Important Safety Alerts

Medical Device Safety Alert: Beckman Coulter Access CEA Reagent Kit for UniCel DxI Immunoassay Systems and Access 2 Immunoassay System

16 Oct 2015

Medical device manufacturer, Beckman Coulter Incorporation, has issued a medical device safety alert concerning its CEA Reagent Kit for UniCel DxI 800, UniCel DxI 600, UniCel DxC 600i, UniCel DxC 880i, UniCel DxC 860i, UniCel DxC 680i, UniCel DxC 660i and Access 2 Immunoassay systems [Reference number: 33200; Lot number: 595027 (15-Feb-16), 595029 (28-Feb-16)].

The manufacturer has determined that the Access CEA reagent packs of the lots listed above were filled incorrectly. The affected packs contain insufficient quantity of reagents in one of the pack wells.

According to the manufacturer, the impact is dependent upon the instrument and software version installed at the time the reagent lot was in use:

  • Access 2 systems running software version 3.3.1 or lower, and Access 2i systems running software version 6.1 or lower with these reagent lots:
    • The instrument may have generated incorrect results of 0.0 ng/mL when using an affected pack.
    • All other results greater than 0.0 ng/mL are not affected by this issue and are correct.
  • Access 2 systems running software version 3.4.2 and Access 2i systems running software version 6.2.2 or higher with these lots:
    • The affected packs would have been detected by process monitoring with a result flag QSD (indicates reagent dispense is insufficient), and the pack would have been disabled by the instrument.
    • No patient result would have been generated.
  • UniCel DxI systems running any software version:
    • The packs would have been detected by reagent pack monitoring with a result flag QSD, and the pack would have been disabled by the instrument.
    • No patient result would have been generated.

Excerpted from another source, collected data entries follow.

(* The estimate of Theorem 4.7 fails for $\epsilon=\frac13$: there is no constant $C>0$ such that for all $f\in L^{4/3}(\mathbb{H},(1-\log|z_2|)^{1/3})$ for which the integral defining $P(f)$ converges absolutely, and all $\lambda>0$, $$\left|\{(z_1,z_2)\in\mathbb{H} : |P(f)(z_1,z_2)|>\lambda\}\right| \le \frac{C\,\|f\|^{4/3}_{L^{4/3}(\mathbb{H},(1-\log|z_2|)^{1/3})}}{\lambda^{4/3}}.$$
   Context: $\mathbb{H}=\{(z_1,z_2)\in\mathbb{C}^2:|z_1|<|z_2|<1\}$, $dV$ Lebesgue measure, $|U|$ Lebesgue measure of $U$. The Bergman projection is $P(f)(z)=\int_{\mathbb{H}}K_{\mathbb{H}}(z;\bar w)f(w)\,dV(w)$, $K_{\mathbb{H}}(z_1,z_2;\bar w_1,\bar w_2)=\frac{1}{\pi^2 z_2\bar w_2(1-\frac{z_1\bar w_1}{z_2\bar w_2})^2(1-z_2\bar w_2)^2}$. For a positive weight $\mu$, $\|f\|^p_{L^p(\mathbb{H},\mu)}=\int_{\mathbb{H}}|f|^p\mu\,dV$. *)

theory Defs
  imports "HOL-Analysis.Analysis"
begin

definition hartogs :: "(complex \<times> complex) set" where
  "hartogs = {(z1, z2). norm z1 < norm z2 \<and> norm z2 < 1}"

definition bergman_kernel :: "complex \<times> complex \<Rightarrow> complex \<times> complex \<Rightarrow> complex" where
  "bergman_kernel z w =
     1 / (complex_of_real (pi ^ 2) * snd z * cnj (snd w)
          * (1 - (fst z * cnj (fst w)) / (snd z * cnj (snd w))) ^ 2
          * (1 - snd z * cnj (snd w)) ^ 2)"

definition bergman_proj :: "(complex \<times> complex \<Rightarrow> complex) \<Rightarrow> complex \<times> complex \<Rightarrow> complex" where
  "bergman_proj f z = (LINT w:hartogs|lebesgue. bergman_kernel z w * f w)"

definition hweight :: "complex \<times> complex \<Rightarrow> real" where
  "hweight z = (1 - ln (norm (snd z))) powr (1/3)"

definition wLp_pow :: "real \<Rightarrow> (complex \<times> complex \<Rightarrow> real) \<Rightarrow> (complex \<times> complex \<Rightarrow> complex) \<Rightarrow> ennreal" where
  "wLp_pow p \<mu> f = (\<integral>\<^sup>+ z \<in> hartogs. ennreal (norm (f z) powr p * \<mu> z) \<partial>lebesgue)"

end

theory Submission
  imports Defs "HOL-Real_Asymp.Real_Asymp"
begin

text \<open>Place the disjoint shells \<open>B_n = {|w_1| < r_n, r_n < |w_2| < 2 r_n}\<close>, \<open>r_n = 2^-(n+4)\<close>,
  near the singular point 0 of the Hartogs triangle and put
  \<open>f_J = \<Sum>_{n=1..J} conj(w_2) 1_{B_n} / (n r_n^4)\<close>. On \<open>B_n\<close> one has \<open>|f_J| \<le> 2/(n r_n^3)\<close> and
  \<open>1 - log|w_2| \<le> 6n\<close>, while \<open>|B_n| = 3\<pi>^2 r_n^4\<close>, so each shell contributes \<open>O(1/n)\<close> to the
  weighted norm: \<open>\<parallel>f_J\<parallel>^(4/3) = O(H_J)\<close> with \<open>H_J\<close> the harmonic number. For \<open>z\<close> in the
  polydisc \<open>U\<close> of radius 1/100 around \<open>(0, 1/2)\<close> and \<open>w\<close> in any shell,
  \<open>K(z, w) conj(w_2)\<close> is close to \<open>1/(\<pi>^2 z_2)\<close> and so has real part at least \<open>4/(9\<pi>^2)\<close>.
  Hence nothing cancels and \<open>|P(f_J)| \<ge> (4/3) H_J\<close> on \<open>U\<close>, so the weak-type estimate at
  height \<open>H_J/2\<close> would force \<open>|U| = O(H_J^(-1/3))\<close>, which tends to 0.\<close>

lemma emeasure_lborel_ball_complex:
  "r \<ge> 0 \<Longrightarrow> emeasure lborel (ball (c::complex) r) = ennreal (pi * r\<^sup>2)"
  by (simp add: emeasure_ball unit_ball_vol_2)

lemma emeasure_lborel_cball_complex:
  "r \<ge> 0 \<Longrightarrow> emeasure lborel (cball (c::complex) r) = ennreal (pi * r\<^sup>2)"
  by (simp add: emeasure_cball unit_ball_vol_2)

lemma emeasure_lborel_Times_complex:
  "A \<in> sets borel \<Longrightarrow> B \<in> sets borel \<Longrightarrow>
    emeasure lborel (A \<times> B) = emeasure lborel (A::complex set) * emeasure lborel (B::complex set)"
  by (simp add: lborel_prod[symmetric] lborel.emeasure_pair_measure_Times)

lemma emeasure_lborel_annulus_complex:
  assumes "0 \<le> r" "r < s"
  shows "emeasure lborel (ball (c::complex) s - cball c r) = ennreal (pi * (s\<^sup>2 - r\<^sup>2))"
proof -
  have "emeasure lborel (ball c s - cball c r) = emeasure lborel (ball c s) - emeasure lborel (cball c r)"
    using assms emeasure_lborel_cball_finite[of c r] by (intro emeasure_Diff) auto
  also have "\<dots> = ennreal (pi * (s\<^sup>2 - r\<^sup>2))"
    using assms by (simp add: emeasure_lborel_ball_complex emeasure_lborel_cball_complex
        ennreal_minus[symmetric] power_mono algebra_simps)
  finally show ?thesis .
qed

lemma ennreal_mult_divide_le:
  assumes "W \<le> ennreal B" "0 \<le> C" "0 < T" "0 \<le> B"
  shows "ennreal C * W / ennreal T \<le> ennreal (C * B / T)"
proof -
  have "ennreal C * W / ennreal T \<le> ennreal C * ennreal B / ennreal T"
    using assms(1) by (intro divide_right_mono_ennreal mult_left_mono) auto
  also have "\<dots> = ennreal (C * B) / ennreal T"
    using assms by (simp add: ennreal_mult)
  also have "\<dots> = ennreal (C * B / T)"
    using assms by (simp add: divide_ennreal)
  finally show ?thesis .
qed

lemma open_hartogs: "open hartogs"
proof -
  have eq: "hartogs = {z. norm (fst z) < norm (snd z) \<and> norm (snd z) < 1}"
    unfolding hartogs_def by auto
  show ?thesis
    unfolding eq by (intro open_Collect_conj open_Collect_less) (auto intro!: continuous_intros)
qed

lemma hartogs_sets [measurable]: "hartogs \<in> sets borel"
  by (simp add: open_hartogs)

lemma borel_measurable_cnj [measurable]: "cnj \<in> borel_measurable borel"
  by (intro borel_measurable_continuous_onI continuous_intros)

lemma borel_measurable_cnj_snd [measurable]:
  "(\<lambda>w::complex \<times> complex. cnj (snd w)) \<in> borel_measurable borel"
  by (intro borel_measurable_continuous_onI continuous_intros)

lemma borel_measurable_bergman_kernel [measurable]:
  "case_prod bergman_kernel \<in> borel_measurable borel"
  unfolding bergman_kernel_def case_prod_unfold borel_prod[symmetric] by measurable

lemma borel_measurable_bergman_kernel_right [measurable]:
  "(\<lambda>w. bergman_kernel z w) \<in> borel_measurable borel"
proof -
  have "(\<lambda>w. (z, w)) \<in> borel \<rightarrow>\<^sub>M borel"
    by (intro borel_measurable_continuous_onI continuous_intros)
  from measurable_compose[OF this borel_measurable_bergman_kernel] show ?thesis
    by simp
qed

lemma bergman_proj_eq_lborel_integral:
  assumes [measurable]: "f \<in> borel_measurable borel"
  shows "bergman_proj f z = (LINT w|lborel. indicator hartogs w *\<^sub>R (bergman_kernel z w * f w))"
  unfolding bergman_proj_def set_lebesgue_integral_def by (intro integral_completion) measurable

All users that received the affected lots listed above are advised to discard the Access CEA reagent pack lots listed above.

For Access 2 users with software version 3.3.1 or lower and Access 2i users with software version 6.1 or lower, they are advised to review their patient results that were reported as 0.0 ng/mL and did not match the clinical status of the patients.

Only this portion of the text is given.